<<<<
(* Let $p$ be a prime, $m\ge 1$, $t\ge 1$ integers, $R^t=\mathbb{F}_{p^m}[u]/\langle u^t\rangle$, let $\omega(x)\in R^t[x]$ and $R^{t,\omega}=R^t[x]/\langle\omega(x)\rangle$. Then for every ideal $I$ of $R^{t,\omega}$ there exists $a\in I$ such that $$I=\langle a\rangle+u(I:u).$$
   Context: For an ideal $I$ of a commutative ring $R$ and $a\in R$, $(I:a)=\{x\in R: xa\in I\}$. *)

theory Defs
  imports "HOL-Algebra.UnivPoly" "HOL-Algebra.QuotRing" "HOL-Computational_Algebra.Primes"
begin

definition colon_ideal :: "('a, 'b) ring_scheme \<Rightarrow> 'a set \<Rightarrow> 'a \<Rightarrow> 'a set" where
  "colon_ideal R I a = {x \<in> carrier R. x \<otimes>\<^bsub>R\<^esub> a \<in> I}"

text \<open>R^t = K[u]/(u^t), with u the indeterminate of UP K.\<close>
definition Rt :: "('a, 'b) ring_scheme \<Rightarrow> nat \<Rightarrow> (nat \<Rightarrow> 'a) set ring" where
  "Rt K t = UP K Quot (PIdl\<^bsub>UP K\<^esub> (monom (UP K) \<one>\<^bsub>K\<^esub> t))"

definition u_Rt :: "('a, 'b) ring_scheme \<Rightarrow> nat \<Rightarrow> (nat \<Rightarrow> 'a) set" where
  "u_Rt K t = (PIdl\<^bsub>UP K\<^esub> (monom (UP K) \<one>\<^bsub>K\<^esub> t)) +>\<^bsub>UP K\<^esub> (monom (UP K) \<one>\<^bsub>K\<^esub> 1)"

definition Rtw :: "('a, 'b) ring_scheme \<Rightarrow> nat \<Rightarrow> (nat \<Rightarrow> (nat \<Rightarrow> 'a) set)
    \<Rightarrow> (nat \<Rightarrow> (nat \<Rightarrow> 'a) set) set ring" where
  "Rtw K t \<omega> = UP (Rt K t) Quot (PIdl\<^bsub>UP (Rt K t)\<^esub> \<omega>)"

definition u_Rtw :: "('a, 'b) ring_scheme \<Rightarrow> nat \<Rightarrow> (nat \<Rightarrow> (nat \<Rightarrow> 'a) set)
    \<Rightarrow> (nat \<Rightarrow> (nat \<Rightarrow> 'a) set) set" where
  "u_Rtw K t \<omega> = (PIdl\<^bsub>UP (Rt K t)\<^esub> \<omega>) +>\<^bsub>UP (Rt K t)\<^esub> (monom (UP (Rt K t)) (u_Rt K t) 0)"

end

(* Coefficientwise evaluation at u = 0 maps R^t[x] onto F[x], with kernel u R^t[x].  As F[x] is
   a principal ideal domain, the image of an ideal J of R^t[x] is generated by the image of some
   a in J, so every f in J has the form s a + u h, and then u h = f - s a lies in J, i.e. h lies
   in (J : u).  The property "J is contained in <a> + <u> for some a in J" passes to every quotient
   of R^t[x], in particular to R^{t,omega}, where it yields I = <a> + u (I : u). *)

theory Submission
  imports Defs
begin

lemma (in ring) cgenideal_add_cgenideal:
  "PIdl a <+>\<^bsub>R\<^esub> PIdl b = {x \<otimes> a \<oplus> y \<otimes> b | x y. x \<in> carrier R \<and> y \<in> carrier R}"
  unfolding set_add_def' cgenideal_def by blast

lemma (in ring_hom_ring) surj_ideal_image:
  assumes surj: "h ` carrier R = carrier S" and I: "ideal I R"
  shows "ideal (h ` I) S"
proof (rule idealI)
  interpret I: ideal I R by fact
  show "ring S" by (rule S.ring_axioms)
  show "subgroup (h ` I) (add_monoid S)"
    by (rule img_is_add_subgroup) (rule I.a_subgroup)
  fix a x assume a: "a \<in> h ` I" and x: "x \<in> carrier S"
  then obtain b y where b: "b \<in> I" "a = h b" and y: "y \<in> carrier R" "x = h y"
    using surj by (metis imageE)
  then show "x \<otimes>\<^bsub>S\<^esub> a \<in> h ` I" and "a \<otimes>\<^bsub>S\<^esub> x \<in> h ` I"
    using I.I_l_closed I.I_r_closed I.Icarr by (metis hom_mult image_eqI)+
qed

lemma (in ring_hom_ring) the_elem_image_rcos:
  assumes N: "ideal N R" and ker: "N \<subseteq> a_kernel R S h" and x: "x \<in> carrier R"
  shows "the_elem (h ` (N +>\<^bsub>R\<^esub> x)) = h x"
proof -
  interpret N: ideal N R by fact
  have "h ` (N +>\<^bsub>R\<^esub> x) = {h x}"
  proof
    show "h ` (N +>\<^bsub>R\<^esub> x) \<subseteq> {h x}"
      using ker x N.Icarr unfolding a_r_coset_def' a_kernel_def' by auto
    show "{h x} \<subseteq> h ` (N +>\<^bsub>R\<^esub> x)"
      using N.a_rcos_self[OF x] by blast
  qed
  then show ?thesis by simp
qed

lemma (in ring_hom_ring) the_elem_image_ring_hom:
  assumes N: "ideal N R" and ker: "N \<subseteq> a_kernel R S h"
  shows "(\<lambda>X. the_elem (h ` X)) \<in> ring_hom (R Quot N) S"
proof -
  interpret N: ideal N R by fact
  interpret \<pi>: ring_hom_ring R "R Quot N" "(+>\<^bsub>R\<^esub>) N" by (rule N.rcos_ring_hom_ring)
  have carr: "carrier (R Quot N) = (+>\<^bsub>R\<^esub>) N ` carrier R"
    unfolding FactRing_def A_RCOSETS_def' by auto
  note lift = the_elem_image_rcos[OF N ker]
  show ?thesis
  proof (rule ring_hom_memI)
    fix X assume "X \<in> carrier (R Quot N)"
    then show "the_elem (h ` X) \<in> carrier S" using carr lift by auto
  next
    fix X Y assume "X \<in> carrier (R Quot N)" "Y \<in> carrier (R Quot N)"
    then obtain x y where x: "x \<in> carrier R" "X = N +>\<^bsub>R\<^esub> x" and y: "y \<in> carrier R" "Y = N +>\<^bsub>R\<^esub> y"
      using carr by auto
    have mult: "X \<otimes>\<^bsub>R Quot N\<^esub> Y = N +>\<^bsub>R\<^esub> (x \<otimes>\<^bsub>R\<^esub> y)"
      and add: "X \<oplus>\<^bsub>R Quot N\<^esub> Y = N +>\<^bsub>R\<^esub> (x \<oplus>\<^bsub>R\<^esub> y)"
      using x y by simp_all
    show "the_elem (h ` (X \<otimes>\<^bsub>R Quot N\<^esub> Y)) = the_elem (h ` X) \<otimes>\<^bsub>S\<^esub> the_elem (h ` Y)"
      unfolding mult using x y by (simp add: lift del: \<pi>.hom_mult)
    show "the_elem (h ` (X \<oplus>\<^bsub>R Quot N\<^esub> Y)) = the_elem (h ` X) \<oplus>\<^bsub>S\<^esub> the_elem (h ` Y)"
      unfolding add using x y by (simp add: lift del: \<pi>.hom_add)
  next
    have one: "\<one>\<^bsub>R Quot N\<^esub> = N +>\<^bsub>R\<^esub> \<one>\<^bsub>R\<^esub>" by simp
    show "the_elem (h ` \<one>\<^bsub>R Quot N\<^esub>) = \<one>\<^bsub>S\<^esub>" unfolding one lift[OF R.one_closed] by simp
  qed
qed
>>>>
• WORK INSTRUCTIONS:
Check each line of the material for the word "some". Copy the ones that have it.

• EXERCISE RESULT:
   a principal ideal domain, the image of an ideal J of R^t[x] is generated by the image of some
   in (J : u).  The property "J is contained in <a> + <u> for some a in J" passes to every quotient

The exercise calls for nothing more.